For his work on Jesus Christ Superstar, Jacob was credited as sound designer in Playbill, the leading Broadway theatre industry magazine. Jacob's was the second such credit, following Jack Mann's sound designer credit for the 1961 staging of Show Girl, a short-lived musical revue starring Carol Channing. Jesus Christ Superstar was nominated for five Tony Awards, including Best Lighting and Best Scenic Design, but there was no Tony Award at the time for sound design.

===Bicoastal===
As Jacob was working on Jesus Christ Superstar, Hendrix's former manager Michael Jeffery asked him to serve as president of Electric Lady Studios. While keeping his San Francisco address, Jacob rented an apartment in the Greenwich Village neighborhood of Manhattan starting in June 1972, and in July he took over as president, to organize the Hendrix tapes and to keep the studio in operation. But when Jeffery died in March 1973, a legal battle arose between the estates of Jeffery and Hendrix. Declining to take sides, Jacob ended his contract with the studio, and shifted instead to a new venture with Chip Monck: CMI Consultants, a company for producing conventions and large events. Jacob also continued his freelance musical sound design work, covering several short-lived musicals during 1972–1974. One notable effort in 1973 was the National Lampoon comedy Lemmings, which ran for a year, and launched the careers of John Belushi, Christopher Guest, and Chevy Chase. Jacob said of their rock festival parody that it was both funny and personally meaningful. Jacob also designed the sound for the touring rock opera The Who's Tommy which was successful on the road.

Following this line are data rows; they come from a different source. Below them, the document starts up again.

lemma index_Dmat_mult_vec:
  assumes z: "z \<in> carrier_vec (T * n)" and p: "p < T" and i: "i < n"
  shows "(Dmat n T A *\<^sub>v z) $ (p * n + i)
       = ((\<Sum>j<n. A $$ (i, j) * z $ j) + real p * z $ ((p - 1) * n + i)) / real (p + 1)"
proof -
  have "(Dmat n T A *\<^sub>v z) $ (p * n + i) = (\<Sum>l<T * n. Dmat n T A $$ (p * n + i, l) * z $ l)"
    using block_index_less[OF p i] z by (simp add: Dmat_def scalar_prod_def lessThan_atLeast0)
  also have "\<dots> = (\<Sum>q<T. \<Sum>j<n. Dmat n T A $$ (p * n + i, q * n + j) * z $ (q * n + j))"
    by (rule sum_lessThan_mult_blocks)
  also have "\<dots> = (\<Sum>q<T. (if q = 0 then (\<Sum>j<n. A $$ (i, j) * z $ j) / real (p + 1) else 0)
                 + (if q = p - 1 then real p / real (p + 1) * z $ ((p - 1) * n + i) else 0))"
  proof (rule sum.cong[OF refl])
    fix q assume "q \<in> {..<T}"
    then have entry: "Dmat n T A $$ (p * n + i, q * n + j) * z $ (q * n + j)
        = (if q = 0 then A $$ (i, j) * z $ j / real (p + 1) else 0)
          + (if q = p - 1 \<and> j = i then real p / real (p + 1) * z $ ((p - 1) * n + i) else 0)"
      if "j < n" for j
      using p i that by (auto simp: Dmat_index_blocks add_divide_distrib distrib_right)
    have "(\<Sum>j<n. Dmat n T A $$ (p * n + i, q * n + j) * z $ (q * n + j))
        = (\<Sum>j<n. (if q = 0 then A $$ (i, j) * z $ j / real (p + 1) else 0)
          + (if q = p - 1 \<and> j = i then real p / real (p + 1) * z $ ((p - 1) * n + i) else 0))"
      by (rule sum.cong) (simp_all only: lessThan_iff entry)
    also have "\<dots> = (\<Sum>j<n. if q = 0 then A $$ (i, j) * z $ j / real (p + 1) else 0)
          + (\<Sum>j<n. if q = p - 1 \<and> j = i then real p / real (p + 1) * z $ ((p - 1) * n + i) else 0)"
      by (rule sum.distrib)
    also have "\<dots> = (if q = 0 then (\<Sum>j<n. A $$ (i, j) * z $ j) / real (p + 1) else 0)
          + (if q = p - 1 then real p / real (p + 1) * z $ ((p - 1) * n + i) else 0)"
      using i by (simp add: sum_divide_distrib)
    finally show "(\<Sum>j<n. Dmat n T A $$ (p * n + i, q * n + j) * z $ (q * n + j)) = \<dots>" .
  qed
  also have "\<dots> = ((\<Sum>j<n. A $$ (i, j) * z $ j) + real p * z $ ((p - 1) * n + i)) / real (p + 1)"
    using p by (simp add: sum.distrib add_divide_distrib)
  finally show ?thesis .
qed

lemma blk_Dmat_mult_vec:
  assumes A: "A \<in> carrier_mat n n" and z: "z \<in> carrier_vec (T * n)" and p: "p < T"
  shows "blk n (Dmat n T A *\<^sub>v z) p
       = (1 / real (p + 1)) \<cdot>\<^sub>v (A *\<^sub>v blk n z 0 + real p \<cdot>\<^sub>v blk n z (p - 1))"
proof (rule eq_vecI)
  fix i assume "i < dim_vec ((1 / real (p + 1)) \<cdot>\<^sub>v (A *\<^sub>v blk n z 0 + real p \<cdot>\<^sub>v blk n z (p - 1)))"
  then have i: "i < n" by (simp add: blk_def)
  then show "blk n (Dmat n T A *\<^sub>v z) p $ i
      = ((1 / real (p + 1)) \<cdot>\<^sub>v (A *\<^sub>v blk n z 0 + real p \<cdot>\<^sub>v blk n z (p - 1))) $ i"
    using A by (simp add: blk_def index_Dmat_mult_vec[OF z p i] index_mult_mat_vec_sum
        del: index_mult_mat_vec)
qed (simp add: blk_def)

lemma norm1_add_le: "dim_vec u = dim_vec v \<Longrightarrow> norm1 (u + v) \<le> norm1 u + norm1 v"
  unfolding norm1_def by (simp add: sum.distrib[symmetric] sum_mono abs_triangle_ineq)
lemma pair_meeting_triangle:
  assumes "card Q = 2" "i \<noteq> j" "j \<noteq> k" "i \<noteq> k"
    and "Q \<inter> {i, j} \<noteq> {}" "Q \<inter> {j, k} \<noteq> {}" "Q \<inter> {i, k} \<noteq> {}"
  shows "Q \<in> {{i, j}, {j, k}, {i, k}}"
proof -
  obtain x y where Q: "Q = {x, y}" "x \<noteq> y"
    using assms(1) by (auto simp: card_2_iff)
  show ?thesis
    using assms(2-) Q(2) unfolding Q(1) by (simp add: doubleton_eq_iff) blast
qed

lemma intersecting_pairs_star_or_triangle:
  assumes two: "\<And>P. P \<in> PP \<Longrightarrow> card P = 2"
    and meet: "\<And>P Q. P \<in> PP \<Longrightarrow> Q \<in> PP \<Longrightarrow> P \<inter> Q \<noteq> {}"
    and "P1 \<in> PP"
  shows "(\<exists>i. \<forall>P\<in>PP. i \<in> P) \<or>
    (\<exists>i j k. i \<noteq> j \<and> j \<noteq> k \<and> i \<noteq> k \<and> PP = {{i, j}, {j, k}, {i, k}})"
proof -
  obtain i j where P1: "P1 = {i, j}" "i \<noteq> j"
    using two[OF \<open>P1 \<in> PP\<close>] by (auto simp: card_2_iff)
  show ?thesis
  proof (cases "(\<forall>P\<in>PP. i \<in> P) \<or> (\<forall>P\<in>PP. j \<in> P)")
    case True
    then show ?thesis by blast
  next
    case False
    then obtain P2 P3 where P2: "P2 \<in> PP" "i \<notin> P2" and P3: "P3 \<in> PP" "j \<notin> P3"
      by blast
    have "j \<in> P2" using meet[OF \<open>P1 \<in> PP\<close> P2(1)] P1 P2(2) by auto
    then obtain k where k: "k \<noteq> j" "P2 = {j, k}"
      by (rule card_2_obtain_other[OF two[OF P2(1)]])
    have "k \<noteq> i" using k P2(2) by auto
    have "i \<in> P3" using meet[OF \<open>P1 \<in> PP\<close> P3(1)] P1 P3(2) by auto
    moreover have "k \<in> P3" using meet[OF P2(1) P3(1)] k P3(2) by auto
    moreover obtain l where "P3 = {i, l}"
      using card_2_obtain_other[OF two[OF P3(1)] \<open>i \<in> P3\<close>] by blast
    ultimately have P3_eq: "P3 = {i, k}"
      using \<open>k \<noteq> i\<close> by auto
    have "PP \<subseteq> {{i, j}, {j, k}, {i, k}}"
    proof
      fix Q assume Q: "Q \<in> PP"
      show "Q \<in> {{i, j}, {j, k}, {i, k}}"
        using pair_meeting_triangle[OF two[OF Q] P1(2) k(1)[symmetric] \<open>k \<noteq> i\<close>[symmetric]]
          meet[OF Q \<open>P1 \<in> PP\<close>] meet[OF Q P2(1)] meet[OF Q P3(1)] P1(1) k(2) P3_eq
        by simp
    qed
    moreover have "{{i, j}, {j, k}, {i, k}} \<subseteq> PP"
      using \<open>P1 \<in> PP\<close> P1(1) P2(1) k(2) P3(1) P3_eq by blast
    ultimately show ?thesis using P1(2) k(1) \<open>k \<noteq> i\<close> by blast
  qed
qed

lemma subset_nbhd_if_differences_contain:
  assumes two: "\<And>B. B \<in> X \<Longrightarrow> B \<noteq> A0 \<Longrightarrow> card (sym_diff A0 B) = 2"
    and contain: "\<And>B. B \<in> X \<Longrightarrow> B \<noteq> A0 \<Longrightarrow> i \<in> sym_diff A0 B"
    and X: "X \<subseteq> Pow {1..n}" and A0: "A0 \<subseteq> {1..n}" and i: "i \<in> {1..n}"
  shows "X \<subseteq> nbhd_family n (sym_diff A0 {i})"
proof
  fix B assume B: "B \<in> X"
  show "B \<in> nbhd_family n (sym_diff A0 {i})"
  proof (cases "B = A0")
    case True
    then have "B = sym_diff (sym_diff A0 {i}) {i}" by blast
    then show ?thesis using i unfolding nbhd_family_def by blast
  next
    case False
    obtain m where m: "m \<noteq> i" "sym_diff A0 B = {i, m}"
      by (rule card_2_obtain_other[OF two[OF B False] contain[OF B False]])
    have "m \<in> {1..n}" using m(2) B X A0 by blast
    moreover have "B = sym_diff A0 (sym_diff A0 B)" by blast
    then have "B = sym_diff (sym_diff A0 {i}) {m}" using m by auto
    ultimately show ?thesis unfolding nbhd_family_def by blast
  qed
qed

lemma subset_K_if_differences_in_triangle:
  assumes "(\<lambda>B. sym_diff A0 B) ` (X - {A0}) \<subseteq> {{i, j}, {j, k}, {i, k}}"
  shows "X \<subseteq> K_family A0 i j k"
proof
  fix B assume B: "B \<in> X"
  show "B \<in> K_family A0 i j k"
  proof (cases "B = A0")
    case False
    then have "sym_diff A0 B \<in> {{i, j}, {j, k}, {i, k}}" using assms B by blast
    then have "sym_diff A0 (sym_diff A0 B) \<in> (\<lambda>P. sym_diff A0 P) ` {{i, j}, {j, k}, {i, k}}"
      by (rule imageI)
    then show ?thesis unfolding sym_diff_cancel_left K_family_def by simp
  qed (simp add: K_family_def)
qed

lemma distance_2_differences_meet:
  assumes fin: "\<And>A. A \<in> X \<Longrightarrow> finite A"
    and dist2: "\<And>A B. A \<in> X \<Longrightarrow> B \<in> X \<Longrightarrow> A \<noteq> B \<Longrightarrow> card (sym_diff A B) = 2"
    and A0: "A0 \<in> X" and B: "B \<in> X" "B \<noteq> A0" and B': "B' \<in> X" "B' \<noteq> A0"
  shows "sym_diff A0 B \<inter> sym_diff A0 B' \<noteq> {}"
proof (cases "B = B'")
  case True
  then show ?thesis using dist2[OF A0 B(1)] B(2) by force
next
  case False
  have "card (sym_diff (sym_diff A0 B) (sym_diff A0 B')) = 2"
    unfolding sym_diff_sym_diff_same_left using dist2[OF B(1) B'(1) False] .
  moreover have "card (sym_diff A0 B) = 2" "card (sym_diff A0 B') = 2"
    using dist2 A0 B B' by auto
  moreover have "finite (sym_diff A0 B)" "finite (sym_diff A0 B')"
    using fin A0 B B' by auto
  ultimately have "card (sym_diff A0 B \<inter> sym_diff A0 B') = 1"
    using card_sym_diff_add_card_Int[of "sym_diff A0 B" "sym_diff A0 B'"] by simp
  then show ?thesis by auto
qed
lemma multilinear_alternating_eq_0_orthonormal_upto:
  fixes ws :: "'v::euclidean_space list"
  assumes g: "multilinear_alternating k g"
    and on: "\<And>ws. length ws = k \<Longrightarrow> orthonormal_upto k ws \<Longrightarrow> g ws = 0"
    and "m \<le> k" "length ws = k" "orthonormal_upto m ws"
  shows "g ws = 0"
  using assms(3-)
proof (induction m arbitrary: ws rule: inc_induct)
  case base
  then show ?case by (rule on)
next
  case (step m)
  obtain z where gz: "g ws = g (ws[m := z])" and z: "\<And>j. j < k \<Longrightarrow> j \<noteq> m \<Longrightarrow> ws ! j \<bullet> z = 0"
    using multilinear_alternating_orthogonalize[OF g step.prems(1) step.hyps(2)] by blast
  have lin: "linear (\<lambda>v. g (ws[m := v]))"
    by (rule multilinear_alternating_linear[OF g step.prems(1) step.hyps(2)])
  show ?case
  proof (cases "z = 0")
    case True
    then show ?thesis using gz linear_0[OF lin] by simp
  next
    case False
    define e where "e = z /\<^sub>R norm z"
    have e: "norm e = 1" "\<And>j. j < k \<Longrightarrow> j \<noteq> m \<Longrightarrow> ws ! j \<bullet> e = 0"
      using False z by (simp_all add: e_def)
    have "orthonormal_upto (Suc m) (ws[m := e])"
      unfolding orthonormal_upto_def
    proof (intro allI impI conjI)
      fix i assume i: "i < Suc m"
      then show "norm (ws[m := e] ! i) = 1"
        using e step.prems step.hyps(2) unfolding orthonormal_upto_def
        by (cases "i = m") (auto simp: nth_list_update)
      fix j assume j: "j < length (ws[m := e])" "j \<noteq> i"
      then show "ws[m := e] ! i \<bullet> ws[m := e] ! j = 0"
        using i e step.prems step.hyps(2) unfolding orthonormal_upto_def
        by (cases "i = m"; cases "j = m") (auto simp: nth_list_update inner_commute)
    qed
    then have "g (ws[m := e]) = 0"
      using step.IH step.prems(1) by simp
    moreover have "g ws = norm z * g (ws[m := e])"
      using gz linear_scale[OF lin, of "norm z" e] False by (simp add: e_def)
    ultimately show ?thesis by simp
  qed
qed

corollary multilinear_alternating_eq_0:
  assumes g: "multilinear_alternating k (g :: 'v::euclidean_space list \<Rightarrow> real)"
    and on: "\<And>ws. length ws = k \<Longrightarrow> mass ws = 1 \<Longrightarrow> g ws = 0"
    and "length ws = k"
  shows "g ws = 0"
proof (rule multilinear_alternating_eq_0_orthonormal_upto[where m = 0, OF g _ _ \<open>length ws = k\<close>])
  show "g ws = 0" if "length ws = k" "orthonormal_upto k ws" for ws
    using on that mass_orthonormal by metis
qed (simp_all add: orthonormal_upto_def)

lemma form_norm_j_upper:
  assumes "length U = j" "length ws = k" "dnorm U ws = 1"
  shows "ereal \<bar>eval_form \<omega> (diff_iter U (simple_chain p ws))\<bar> \<le> form_norm_j k j \<omega>"
  unfolding form_norm_j_def
  by (rule Sup_upper) (rule insertI2, rule image_eqI[of _ _ "(p, U, ws)"], use assms in auto)

lemma form_norm_j_nonneg: "0 \<le> form_norm_j k j \<omega>"
  unfolding form_norm_j_def by (rule Sup_upper) simp

lemma form_norm_j_le_form_norm: "j \<le> r \<Longrightarrow> form_norm_j k j \<omega> \<le> form_norm k r \<omega>"
  unfolding form_norm_def by (rule Max_ge) auto

lemma form_norm_nonneg: "0 \<le> form_norm k r \<omega>"
  using form_norm_j_nonneg form_norm_j_le_form_norm[of 0 r] order_trans by blast

lemma form_norm_mono: "j \<le> r \<Longrightarrow> form_norm k j \<omega> \<le> form_norm k r \<omega>"
  unfolding form_norm_def by (rule Max_mono) auto

lemma chain_norm_nonneg: "0 \<le> chain_norm k r P"
  unfolding chain_norm_def by (rule Sup_upper) simp

lemma map_norm_j_nonneg: "0 \<le> map_norm_j k j f"
  unfolding map_norm_j_def by (rule Sup_upper) simp

lemma map_norm_j_le_map_norm: "j \<le> r \<Longrightarrow> map_norm_j k j f \<le> map_norm k r f"
  unfolding map_norm_def by (rule Max_ge) auto

lemma map_norm_nonneg: "0 \<le> map_norm k r f"
  using map_norm_j_nonneg map_norm_j_le_map_norm[of 0 r] order_trans by blast

lemma eval_form_simple_chain: "eval_form \<omega> (simple_chain p ws) = \<omega> p ws"
  by (simp add: eval_form_def simple_chain_def)

lemma eval_form_uminus: "eval_form (\<lambda>p ws. - \<omega> p ws) Q = - eval_form \<omega> Q"
  by (induction Q) (auto simp: eval_form_def)
definition transfer :: "(pt \<Rightarrow> 'k::field) \<Rightarrow> pt \<Rightarrow> 'k" where
  "transfer f = (\<lambda>y. if y \<in> S2.support then f (unrelabel y) else 0)"

definition untransfer :: "(pt \<Rightarrow> 'k::field) \<Rightarrow> pt \<Rightarrow> 'k" where
  "untransfer g = (\<lambda>x. if x \<in> S1.support then g (relabel x) else 0)"

lemma relabel_piece: "i < r \<Longrightarrow> v \<in> nu i \<Longrightarrow> relabel (vadd v (b i)) = vadd v (c i)"
  unfolding relabel_def by (simp add: S1.piece_index_eq)

lemma unrelabel_piece: "i < r \<Longrightarrow> v \<in> nu i \<Longrightarrow> unrelabel (vadd v (c i)) = vadd v (b i)"
  unfolding unrelabel_def by (simp add: S2.piece_index_eq)

lemma relabel_support:
  assumes "x \<in> S1.support" shows "relabel x \<in> S2.support \<and> unrelabel (relabel x) = x"
proof -
  obtain i v where "i < r" "v \<in> nu i" "x = vadd v (b i)"
    using assms S1.mem_support_iff by blast
  then show ?thesis by (simp add: relabel_piece unrelabel_piece S2.vadd_mem_support)
qed

lemma unrelabel_support:
  assumes "y \<in> S2.support" shows "unrelabel y \<in> S1.support \<and> relabel (unrelabel y) = y"
proof -
  obtain i v where "i < r" "v \<in> nu i" "y = vadd v (c i)"
    using assms S2.mem_support_iff by blast
  then show ?thesis by (simp add: relabel_piece unrelabel_piece S1.vadd_mem_support)
qed

lemma transfer_bij: "bij_betw (transfer :: (pt \<Rightarrow> 'k::field) \<Rightarrow> _) (qcarrier S1.support) (qcarrier S2.support)"
proof (rule bij_betw_byWitness[where f' = untransfer])
  show "\<forall>f\<in>qcarrier S1.support. untransfer (transfer f) = (f :: pt \<Rightarrow> 'k)"
    using relabel_support by (auto intro!: ext simp: transfer_def untransfer_def qcarrier_def)
  show "\<forall>g\<in>qcarrier S2.support. transfer (untransfer g) = (g :: pt \<Rightarrow> 'k)"
    using unrelabel_support by (auto intro!: ext simp: transfer_def untransfer_def qcarrier_def)
  show "transfer ` qcarrier S1.support \<subseteq> qcarrier S2.support"
    "untransfer ` qcarrier S2.support \<subseteq> qcarrier S1.support"
    by (auto simp: transfer_def untransfer_def qcarrier_def)
qed
(* Let $(\Phi,D)$ and $(\Psi,E)$ be domain-free s-continuous information algebras. Then $([\Phi\rightarrow\Psi]_c,D\times E)$, with pointwise combination $(f\otimes g)(\phi)=f(\phi)\otimes g(\phi)$ and focusing $f^{\Rightarrow(x,y)}(\phi)=(f(\phi^{\Rightarrow x}))^{\Rightarrow y}$, is a domain-free continuous information algebra.
   Context: A domain-free information algebra $(\Phi,D)$ consists of a set $\Phi$, a lattice $D$, a combination $\otimes$ and a focusing $(\psi,x)\mapsto\psi^{\Rightarrow x}$ ($x\in D$) such that: $\otimes$ is associative, commutative with neutral element $e$; $(\psi^{\Rightarrow y})^{\Rightarrow x}=\psi^{\Rightarrow x\wedge y}$; $(\phi^{\Rightarrow x}\otimes\psi)^{\Rightarrow x}=\phi^{\Rightarrow x}\otimes\psi^{\Rightarrow x}$; every $\psi$ has some $x$ with $\psi^{\Rightarrow x}=\psi$; $\psi\otimes\psi^{\Rightarrow x}=\psi$. Order: $\psi\le\phi$ iff $\psi\otimes\phi=\phi$; suprema refer to this order. $a\ll b$ means: for every directed $X$ with $b\le\vee X$ there is $c\in X$ with $a\le c$. $(\Phi,D)$, with $D$ having a top element, is continuous (resp. s-continuous) if there exists $\Gamma\subseteq\Phi$, closed under combination and containing $e$, such that every directed subset of $\Gamma$ has a supremum in $\Phi$ and $\phi=\vee\{\psi\in\Gamma:\psi\ll\phi\}$ for all $\phi$ (resp. $\phi^{\Rightarrow x}=\vee\{\psi\in\Gamma:\psi=\psi^{\Rightarrow x}\ll\phi\}$ for all $\phi,x$). $[\Phi\rightarrow\Psi]_c$ denotes the set of maps $f:\Phi\to\Psi$ with $f(\vee X)=\vee f(X)$ for every directed $X\subseteq\Phi$; $D\times E$ is the product lattice. *)

theory Defs
  imports Main "HOL-Library.Product_Order"
begin

definition dfia :: "'a set \<Rightarrow> ('a \<Rightarrow> 'a \<Rightarrow> 'a) \<Rightarrow> 'a \<Rightarrow> ('a \<Rightarrow> 'd::lattice \<Rightarrow> 'a) \<Rightarrow> bool" where
  "dfia Phi comb e foc \<longleftrightarrow>
     (\<forall>a\<in>Phi. \<forall>b\<in>Phi. comb a b \<in> Phi) \<and> e \<in> Phi \<and>
     (\<forall>a\<in>Phi. \<forall>x. foc a x \<in> Phi) \<and>
     (\<forall>a\<in>Phi. \<forall>b\<in>Phi. \<forall>c\<in>Phi. comb (comb a b) c = comb a (comb b c)) \<and>
     (\<forall>a\<in>Phi. \<forall>b\<in>Phi. comb a b = comb b a) \<and>
     (\<forall>a\<in>Phi. comb a e = a) \<and>
     (\<forall>a\<in>Phi. \<forall>x y. foc (foc a y) x = foc a (inf x y)) \<and>
     (\<forall>a\<in>Phi. \<forall>b\<in>Phi. \<forall>x. foc (comb (foc a x) b) x = comb (foc a x) (foc b x)) \<and>
     (\<forall>a\<in>Phi. \<exists>x. foc a x = a) \<and>
     (\<forall>a\<in>Phi. \<forall>x. comb a (foc a x) = a)"

definition ileq :: "('a \<Rightarrow> 'a \<Rightarrow> 'a) \<Rightarrow> 'a \<Rightarrow> 'a \<Rightarrow> bool" where
  "ileq comb a b \<longleftrightarrow> comb a b = b"

definition is_isup :: "'a set \<Rightarrow> ('a \<Rightarrow> 'a \<Rightarrow> 'a) \<Rightarrow> 'a set \<Rightarrow> 'a \<Rightarrow> bool" where
  "is_isup Phi comb X s \<longleftrightarrow> s \<in> Phi \<and> (\<forall>a\<in>X. ileq comb a s) \<and>
     (\<forall>u\<in>Phi. (\<forall>a\<in>X. ileq comb a u) \<longrightarrow> ileq comb s u)"

definition idirected :: "('a \<Rightarrow> 'a \<Rightarrow> 'a) \<Rightarrow> 'a set \<Rightarrow> bool" where
  "idirected comb X \<longleftrightarrow> X \<noteq> {} \<and>
     (\<forall>a\<in>X. \<forall>b\<in>X. \<exists>c\<in>X. ileq comb a c \<and> ileq comb b c)"

definition way_below :: "'a set \<Rightarrow> ('a \<Rightarrow> 'a \<Rightarrow> 'a) \<Rightarrow> 'a \<Rightarrow> 'a \<Rightarrow> bool" where
  "way_below Phi comb a b \<longleftrightarrow>
     (\<forall>X s. X \<subseteq> Phi \<longrightarrow> idirected comb X \<longrightarrow> is_isup Phi comb X s \<longrightarrow> ileq comb b s
        \<longrightarrow> (\<exists>c\<in>X. ileq comb a c))"

definition basis_ok :: "'a set \<Rightarrow> ('a \<Rightarrow> 'a \<Rightarrow> 'a) \<Rightarrow> 'a \<Rightarrow> 'a set \<Rightarrow> bool" where
  "basis_ok Phi comb e G \<longleftrightarrow> G \<subseteq> Phi \<and> e \<in> G \<and> (\<forall>a\<in>G. \<forall>b\<in>G. comb a b \<in> G) \<and>
     (\<forall>X. X \<subseteq> G \<longrightarrow> idirected comb X \<longrightarrow> (\<exists>s. is_isup Phi comb X s))"

definition continuous_ia :: "'a set \<Rightarrow> ('a \<Rightarrow> 'a \<Rightarrow> 'a) \<Rightarrow> 'a \<Rightarrow> ('a \<Rightarrow> 'd::lattice \<Rightarrow> 'a) \<Rightarrow> bool" where
  "continuous_ia Phi comb e foc \<longleftrightarrow> dfia Phi comb e foc \<and> (\<exists>t::'d. \<forall>x. x \<le> t) \<and>
     (\<exists>G. basis_ok Phi comb e G \<and>
        (\<forall>p\<in>Phi. is_isup Phi comb {a\<in>G. way_below Phi comb a p} p))"

definition s_continuous_ia :: "'a set \<Rightarrow> ('a \<Rightarrow> 'a \<Rightarrow> 'a) \<Rightarrow> 'a \<Rightarrow> ('a \<Rightarrow> 'd::lattice \<Rightarrow> 'a) \<Rightarrow> bool" where
  "s_continuous_ia Phi comb e foc \<longleftrightarrow> dfia Phi comb e foc \<and> (\<exists>t::'d. \<forall>x. x \<le> t) \<and>
     (\<exists>G. basis_ok Phi comb e G \<and>
        (\<forall>p\<in>Phi. \<forall>x. is_isup Phi comb {a\<in>G. foc a x = a \<and> way_below Phi comb a p} (foc p x)))"
(* Let $q\ge0$. With $\mathscr{B}^*(Y,X)=\int_0^T\langle Y_1,-\dot X+AX\rangle\,\mathrm{d}s+(Y_2,X(T))$, \[ \sup_{0\neq Y\in\mathcal{Y}_{k,q}\times H}\ \sup_{0\neq X\in\mathcal{X}_{k,q+1}}\frac{\mathscr{B}^*(Y,X)}{|Y|_{\mathcal{Y}_H}|X|_{\mathcal{X}_{k,q+1}}}=1 \quad\text{and}\quad \inf_{0\neq Y\in\mathcal{Y}_{k,q}\times H}\ \sup_{0\neq X\in\mathcal{X}_{k,q+1}}\frac{\mathscr{B}^*(Y,X)}{|Y|_{\mathcal{Y}_H}|X|_{\mathcal{X}_{k,q+1}}}=1 . \]
   Context: Let $V\hookrightarrow H\hookrightarrow V^*$ be a Gelfand triple of real separable Hilbert spaces, with $V$ densely embedded in $H$. Write $(\cdot,\cdot)$ for the inner product of $H$ and $\langle\cdot,\cdot\rangle$ for the duality. Let $A:V\to V^*$ be the operator associated with a symmetric, bounded, coercive bilinear form on $V$, with fractional powers defined as usual. For $\gamma\in\mathbb{R}$, $\dot H^\gamma=D(A^{\gamma/2})$ with norm $\|A^{\gamma/2}\cdot\|_H$, so $\dot H^1=V$ and $\dot H^{-1}=V^*$. Let $0=t_0<\dots<t_N=T$ and $I_i=[t_i,t_{i+1}]$. Define the semidiscrete spaces: - $\mathcal{Y}_{k,q}$: the set of $Y\in L^2((0,T);V)$ whose restriction to each $I_i$ is a polynomial in $t$ of degree $\le q$ with coefficients in $\dot H^1$; - $\mathcal{X}_{k,q+1}$: the set of $X\in L^2((0,T);V)\cap H^1((0,T);V^* )$ whose restriction to each $I_i$ is a polynomial in $t$ of degree $\le q+1$ with coefficients in $\dot H^1$. Define the norms: - $|Y|_{\mathcal{Y}_H}^2=\|Y_2\|_H^2+\int_0^T\|A^{1/2}Y_1\|_H^2\,\mathrm{d}s$ for $Y=(Y_1,Y_2)$; - $|X|_{\mathcal{X}_{k,q+1}}^2=\|X(0)\|_H^2+\sum_{i=0}^{N-1}\int_{I_i}\big(\|\dot X\|_{\dot H^{-1}}^2+\|\Pi_i^{(q)}X\|_{\dot H^1}^2\big)\,\mathrm{d}s$, where $\Pi_i^{(q)}$ is the $L^2(I_i)$-orthogonal projection onto polynomials in $t$ of degree $\le q$. *)

theory Defs
  imports "HOL-Analysis.Analysis"
begin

In 1974, Lou Adler asked Jacob to lead the sound design for a new production of The Rocky Horror Show at the Roxy Theatre in West Hollywood. Jacob's rock and roll style of presentation was well received. Author and composer Richard O'Brien, who had performed in Hair and Jesus Christ Superstar, said that Jacob's sound was "delicious", and that Jacob "was one of the greatest sound people in the world." In 1975, Adler tapped Jacob to design the New York staging of the musical.

===Pippin===
Choreographer Bob Fosse was impressed with Jacob's work on Jesus Christ Superstar, and asked producer Stuart Ostrow to hire him for Pippin. Jacob participated in the earliest discussions about staging and choreography; the first time sound design was integrated from the beginning. For Pippin, Jacob used shotgun microphones as foot mics, overhead area mics and scenery spot mics. In many cases Fosse directed the performers in front of particular shotguns to bring their voices to the fore. Sound designer Otts Munderloh was working nearby on Sugar but he would sneak into Pippin to hear the difference. Munderloh found that Pippins sound "was much better" than Sugars, "much crisper, cleaner and louder, because of the shotguns..." As well, orchestrator Ralph Burns spent time with Jacob and sound console operator Larry Spurgeon to point out important instrumental cues. Pippin ran from 1972 to 1977 to become one of the longest-running Broadway musicals.

===Beatles music===
Jacob was called by O'Horgan, Stigwood and Wagner to design sound in late 1974 for Sgt. Pepper's Lonely Hearts Club Band on the Road, a Beatles tribute mounted off Broadway because of a rising backlash against rock musicals. Scenery was by Wagner and lighting was by Fisher. Jacob assembled a quadraphonic sound system based on a four-bus mixer from England of the sort used by Pink Floyd in 1973 for their touring production of Dark Side of the Moon. The console contained a quad panning system controlled by joysticks, to send selected sounds around the venue. In 1976, Jacob designed a complex and inventive sound system for Rockabye Hamlet, but the show lasted only a week.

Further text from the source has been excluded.